The Federal Deposit Insurance Corp. (FDIC) on Aug. 31 released the public list of institutions that are scheduled for Community Reinvestment Act (CRA) examinations during the fourth quarter.
The CRA requires the FDIC to assess how well its insured institutions are meeting the credit needs of their local communities. Evaluations vary depending on institution size and type. Large banks undergo a three-part lending, service and investment test; wholesale and limited purpose banks are evaluated under a community development test; and small institutions have streamlined procedures with an emphasis on lending. All institutions, no matter their size or business strategy, may take advantage of the strategic plan option, which allows an institution to develop with a plan for meeting its CRA responsibilities, subject to approval by its supervisory agency.

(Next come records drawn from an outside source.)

lemma card_twisted_sum_representations:
  fixes D D' S :: "'a::field set" and u w :: 'a and \<alpha> \<beta> :: int
  assumes fin: "finite D'" "finite D" and "0 \<notin> D"
    and invariant: "\<forall>d\<in>D. (\<lambda>x. d * x) ` D' = D'"
    and S: "S = (\<lambda>x. - u + x) ` D'"
    and differences: "\<forall>y. int (card {(x, d) \<in> D' \<times> D. x - u * d = y}) = \<beta> + \<alpha> * (if y = 0 then 1 else 0)"
  shows "int (card {(s, s', d) \<in> S \<times> S \<times> D. s + d * s' = w})
       = \<beta> * int (card D') + \<alpha> * (if w \<in> S then 1 else 0)"
proof -
  have mem_S: "t \<in> S \<longleftrightarrow> t + u \<in> D'" for t
    using S by (auto simp: image_iff algebra_simps)
  have cancel: "inverse d * (d * x) = x" "d * (inverse d * x) = x" if "d \<in> D" for d x
  proof -
    have "d \<noteq> 0"
      using that \<open>0 \<notin> D\<close> by auto
    then show "inverse d * (d * x) = x" "d * (inverse d * x) = x"
      by (simp_all add: mult.assoc[symmetric])
  qed
  have scale: "d * x \<in> D'" if "d \<in> D" "x \<in> D'" for d x
  proof -
    have "d * x \<in> (\<lambda>x. d * x) ` D'"
      using that(2) by (rule imageI)
    then show ?thesis
      using invariant that(1) by simp
  qed
  have unscale: "inverse d * x \<in> D'" if "d \<in> D" "x \<in> D'" for d x
  proof -
    have "x \<in> (\<lambda>x. d * x) ` D'"
      using invariant that by simp
    then show ?thesis
      using that(1) by (auto simp: cancel)
  qed
  define A where "A = {(s, s', d) \<in> S \<times> S \<times> D. s + d * s' = w}"
  define Q where "Q = Sigma D' (\<lambda>x'. {(x, d) \<in> D' \<times> D. x - u * d = w + u - x'})"
  define f where "f = (\<lambda>(s, s', d). (d * (s' + u), s + u, d))"
  define g where "g = (\<lambda>(x', x, d). (x - u, inverse d * x' - u, d))"
  have "bij_betw f A Q"
  proof (rule bij_betw_byWitness[where f' = g])
    show "\<forall>p \<in> A. g (f p) = p"
      by (auto simp: A_def f_def g_def cancel)
    show "\<forall>q \<in> Q. f (g q) = q"
      by (auto simp: Q_def f_def g_def cancel)
    show "f ` A \<subseteq> Q"
    proof (rule image_subsetI)
      fix p assume "p \<in> A"
      then obtain s s' d where p: "p = (s, s', d)" "s \<in> S" "s' \<in> S" "d \<in> D" and "w = s + d * s'"
        by (auto simp: A_def)
      moreover have "s + u - u * d = s + d * s' + u - d * (s' + u)"
        by (simp add: algebra_simps)
      ultimately show "f p \<in> Q"
        by (simp add: Q_def f_def mem_S scale)
    qed
    show "g ` Q \<subseteq> A"
    proof (rule image_subsetI)
      fix q assume "q \<in> Q"
      then obtain x' x d where q: "q = (x', x, d)" "x' \<in> D'" "x \<in> D'" "d \<in> D" and "w = x - u * d - u + x'"
        by (auto simp: Q_def algebra_simps)
      moreover have "x - u + d * (inverse d * x' - u) = x - u * d - u + x'"
        using cancel(2)[OF \<open>d \<in> D\<close>] by (simp add: algebra_simps)
      ultimately show "g q \<in> A"
        by (simp add: A_def g_def mem_S unscale)
    qed
  qed
  then have "int (card {(s, s', d) \<in> S \<times> S \<times> D. s + d * s' = w}) = int (card Q)"
    unfolding A_def by (simp add: bij_betw_same_card)
  also have "\<dots> = (\<Sum>x'\<in>D'. int (card {(x, d) \<in> D' \<times> D. x - u * d = w + u - x'}))"
    unfolding Q_def using fin by (subst card_SigmaI) (auto intro: finite_subset[of _ "D' \<times> D"])
  also have "\<dots> = (\<Sum>x'\<in>D'. \<beta> + \<alpha> * (if x' = w + u then 1 else 0))"
    using differences by (intro sum.cong) auto
  also have "\<dots> = \<beta> * int (card D') + \<alpha> * (if w \<in> S then 1 else 0)"
    using fin by (simp add: sum.distrib mem_S mult.commute flip: sum_distrib_left)
  finally show ?thesis .
qed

The FDIC publishes its CRA examination schedule 30 days before the beginning of each quarter pursuant to revised CRA regulations published in 1995. The examination schedule reflects the effects of an institution’s size and CRA rating on examination frequency. Absent reasonable cause, an institution with $250 million or less in assets and a CRA rating of “Satisfactory” can be subject to a CRA examination once every 48 months. Absent reasonable cause, an institution with $250 million or less in assets and a CRA rating of “Outstanding” can be subject to a CRA examination once every 60 months.
The federal banking agencies use a uniform, four-tiered rating system to assess CRA performance, and since 1990, they have been required to make each institution’s CRA rating and evaluation available to the public.

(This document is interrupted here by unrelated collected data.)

lemma frequency_in_set_tendsto:
  assumes "finite I" and "\<And>i. i \<in> I \<Longrightarrow> convergent (\<lambda>H. real (card {t. t < H \<and> \<sigma> t = i}) / real H)"
  shows "(\<lambda>H. real (card {t. t < H \<and> \<sigma> t \<in> I}) / real H) \<longlonglongrightarrow> (\<Sum>i\<in>I. test_freq \<sigma> i)"
proof -
  have "card {t. t < H \<and> \<sigma> t \<in> I} = (\<Sum>i\<in>I. card {t. t < H \<and> \<sigma> t = i})" for H
  proof -
    have "{t. t < H \<and> \<sigma> t \<in> I} = (\<Union>i\<in>I. {t. t < H \<and> \<sigma> t = i})"
      by auto
    also have "card \<dots> = (\<Sum>i\<in>I. card {t. t < H \<and> \<sigma> t = i})"
      by (rule card_UN_disjoint[OF \<open>finite I\<close>]) (auto intro: finite_subset[of _ "{..<H}"])
    finally show ?thesis .
  qed
  then have "real (card {t. t < H \<and> \<sigma> t \<in> I}) / real H
      = (\<Sum>i\<in>I. real (card {t. t < H \<and> \<sigma> t = i}) / real H)" for H
    by (simp add: sum_divide_distrib)
  moreover have "(\<lambda>H. \<Sum>i\<in>I. real (card {t. t < H \<and> \<sigma> t = i}) / real H) \<longlonglongrightarrow> (\<Sum>i\<in>I. test_freq \<sigma> i)"
    using assms(2) unfolding test_freq_def by (intro tendsto_sum) (simp add: convergent_LIMSEQ_iff)
  ultimately show ?thesis
    by simp
qed

lemma valid_det_test_dist:
  assumes "valid_det E m s \<sigma>"
  shows "test_dist m (test_freq \<sigma>)"
proof -
  have lt: "\<And>t. \<sigma> t < m"
    and conv: "\<And>i. i < m \<Longrightarrow> convergent (\<lambda>H. real (card {t. t < H \<and> \<sigma> t = i}) / real H)"
    using assms unfolding valid_det_def by auto
  have "0 \<le> test_freq \<sigma> i" if "i < m" for i
  proof (rule LIMSEQ_le_const)
    show "(\<lambda>H. real (card {t. t < H \<and> \<sigma> t = i}) / real H) \<longlonglongrightarrow> test_freq \<sigma> i"
      using conv[OF that] unfolding test_freq_def by (simp add: convergent_LIMSEQ_iff)
  qed simp
  moreover have "(\<Sum>i<m. test_freq \<sigma> i) = 1"
  proof (rule LIMSEQ_unique)
    show "(\<lambda>H. real (card {t. t < H \<and> \<sigma> t \<in> {..<m}}) / real H) \<longlonglongrightarrow> (\<Sum>i<m. test_freq \<sigma> i)"
      using conv by (intro frequency_in_set_tendsto) auto
    have "{t. t < H \<and> \<sigma> t \<in> {..<m}} = {..<H}" for H
      using lt by auto
    then show "(\<lambda>H. real (card {t. t < H \<and> \<sigma> t \<in> {..<m}}) / real H) \<longlonglongrightarrow> 1"
      by (intro tendsto_eventually) (auto simp: eventually_sequentially intro!: exI[of _ 1])
  qed
  ultimately show ?thesis
    unfolding test_dist_def by blast
qed

lemma valid_det_cover_prob_ge:
  assumes "valid_det E m s \<sigma>" and "\<And>t. \<exists>h<K. e \<in> s (\<sigma> (t + h))"
  shows "1 / real K \<le> cover_prob m s (test_freq \<sigma>) e"
proof (rule hit_frequency_ge_inverse_gap[OF assms(2)])
  have lt: "\<And>t. \<sigma> t < m" and conv: "\<And>i. i < m \<Longrightarrow> convergent (\<lambda>H. real (card {t. t < H \<and> \<sigma> t = i}) / real H)"
    using assms(1) unfolding valid_det_def by auto
  have "{t. t < H \<and> \<sigma> t \<in> {i. i < m \<and> e \<in> s i}} = {t. t < H \<and> e \<in> s (\<sigma> t)}" for H
    using lt by auto
  then show "(\<lambda>H. real (card {t. t < H \<and> e \<in> s (\<sigma> t)}) / real H) \<longlonglongrightarrow> cover_prob m s (test_freq \<sigma>) e"
    using frequency_in_set_tendsto[of "{i. i < m \<and> e \<in> s i}" \<sigma>] conv
    unfolding cover_prob_def by simp
qed

lemma ratio_le_mult:
  assumes "0 \<le> a" and "0 < K" and "1 / K \<le> Q"
  shows "ratio a Q \<le> ereal (a * K)"
proof (cases "a = 0")
  case True
  then show ?thesis
    by (simp add: ratio_def)
next
  case False
  have "0 < Q"
    using assms(2,3) by (meson divide_pos_pos order_less_le_trans zero_less_one)
  moreover have "a / Q \<le> a * K"
  proof -
    have "1 \<le> Q * K"
      using assms(2,3) by (simp add: field_simps)
    then have "a \<le> a * (Q * K)"
      using assms(1) by (simp add: mult_le_cancel_left1)
    then show ?thesis
      using \<open>0 < Q\<close> by (simp add: field_simps)
  qed
  ultimately show ?thesis
    using False by (simp add: ratio_def)
qed

lemma ratio_cover_prob_le_max_time:
  assumes "valid_det E m s \<sigma>" and "e \<in> E" and "0 \<le> p e"
  obtains t0 where "det_time s \<sigma> e t0 = max_time s \<sigma> e"
    and "ratio (p e) (cover_prob m s (test_freq \<sigma>) e) \<le> ereal (p e) * max_time s \<sigma> e"
proof -
  have "max_time s \<sigma> e < \<infinity>"
    using assms(1,2) unfolding valid_det_def by blast
  then obtain K t0 where "K \<ge> 1" and "det_time s \<sigma> e t0 = ereal (real K)"
    and K: "max_time s \<sigma> e = ereal (real K)" and "\<And>t. \<exists>h<K. e \<in> s (\<sigma> (t + h))"
    by (rule max_time_finite_attained) blast
  moreover have "ratio (p e) (cover_prob m s (test_freq \<sigma>) e) \<le> ereal (p e * real K)"
    using assms(1,3) \<open>K \<ge> 1\<close> \<open>\<And>t. \<exists>h<K. e \<in> s (\<sigma> (t + h))\<close>
    by (intro ratio_le_mult valid_det_cover_prob_ge) auto
  ultimately show ?thesis
    using that by simp
qed

theorem lemma8:
  fixes E :: "'e set" and p :: "'e \<Rightarrow> real" and m :: nat and s :: "nat \<Rightarrow> 'e set"
  assumes "finite E"
    and "\<forall>e\<in>E. 0 \<le> p e"
    and "\<forall>i<m. s i \<subseteq> E"
  shows "((\<Sum>e\<in>E. p e) = 1 \<longrightarrow> optM_SUM E p m s \<le> optD_EMP E p m s) \<and>
         ((\<forall>e\<in>E. p e \<le> 1) \<and> (\<exists>e\<in>E. p e = 1) \<longrightarrow> optM_MAX E p m s \<le> optD_WMP E p m s)"
proof -
  have bound: "\<exists>t0. det_time s \<sigma> e t0 = max_time s \<sigma> e \<and>
      ratio (p e) (cover_prob m s (test_freq \<sigma>) e) \<le> ereal (p e) * max_time s \<sigma> e"
    if "valid_det E m s \<sigma>" and "e \<in> E" for \<sigma> e
    using ratio_cover_prob_le_max_time[OF that] assms(2) that(2) by metis
  have "optM_SUM E p m s \<le> EMP E p s \<sigma>" if "valid_det E m s \<sigma>" for \<sigma>
  proof -
    have "optM_SUM E p m s \<le> (\<Sum>e\<in>E. ratio (p e) (cover_prob m s (test_freq \<sigma>) e))"
      unfolding optM_SUM_def using valid_det_test_dist[OF that] by (intro INF_lower) simp
    also have "\<dots> \<le> EMP E p s \<sigma>"
      unfolding EMP_def using bound[OF that] by (intro sum_mono) blast
    finally show ?thesis .
  qed
  moreover have "optM_MAX E p m s \<le> WMP E p s \<sigma>" if "valid_det E m s \<sigma>" for \<sigma>
  proof -
    have "optM_MAX E p m s \<le> (SUP e\<in>E. ratio (p e) (cover_prob m s (test_freq \<sigma>) e))"
      unfolding optM_MAX_def using valid_det_test_dist[OF that] by (intro INF_lower) simp
    also have "\<dots> \<le> WMP E p s \<sigma>"
      unfolding WMP_def using bound[OF that]
      by (intro SUP_mono) (metis SUP_upper UNIV_I dual_order.trans)
    finally show ?thesis .
  qed
  ultimately show ?thesis
    unfolding optD_EMP_def optD_WMP_def by (auto intro: INF_greatest)
qed

end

The examination schedule is broken down by geographic regions: New York (including Connecticut, Delaware, Massachusetts, Maryland, Maine, New Hampshire, New Jersey, New York, Pennsylvania, Puerto Rico, Rhode Island, the Virgin Islands, Vermont and Washington, D.C.); Atlanta (including Alabama, Florida, Georgia, North Carolina, South Carolina, Virginia and West Virginia); Chicago (including Illinois, Indiana, Kentucky, Michigan, Ohio and Wisconsin); Kansas City (including Iowa, Kansas, Minnesota, Missouri, Nebraska, North Dakota and South Dakota); Dallas (including Arkansas, Colorado, Louisiana, Mississippi, New Mexico, Oklahoma, Tennessee and Texas); and San Francisco (including Alaska, Arizona, California, Guam, Hawaii, Idaho, Montana, Nevada, Oregon, Utah, Washington and Wyoming).
To view the list of institutions by region, visit fdic.gov/regulations/community/exam/q4cra16.html. Comments or inquiries relating to an upcoming CRA examination or to a pending bank application subject to CRA should be submitted to the regional office where the bank or state savings association is headquartered.
The FDIC noted that the schedule is based on the best information now available, but schedules might change if a regulated financial institution not otherwise scheduled for an examination may be examined in connection with the application for a deposit facility, or some other reason. Some institutions might find they need more time and resources to respond to the examination than they originally allotted, and this could delay other scheduled examinations, the FDIC added. If an institution is rescheduled for a different quarter, that information will be included on a later list.
The FDIC also is encouraging public comment on the institutions to be examined. Public comments should be directed to the institutions themselves or to the deputy regional director of the appropriate FDIC regional office.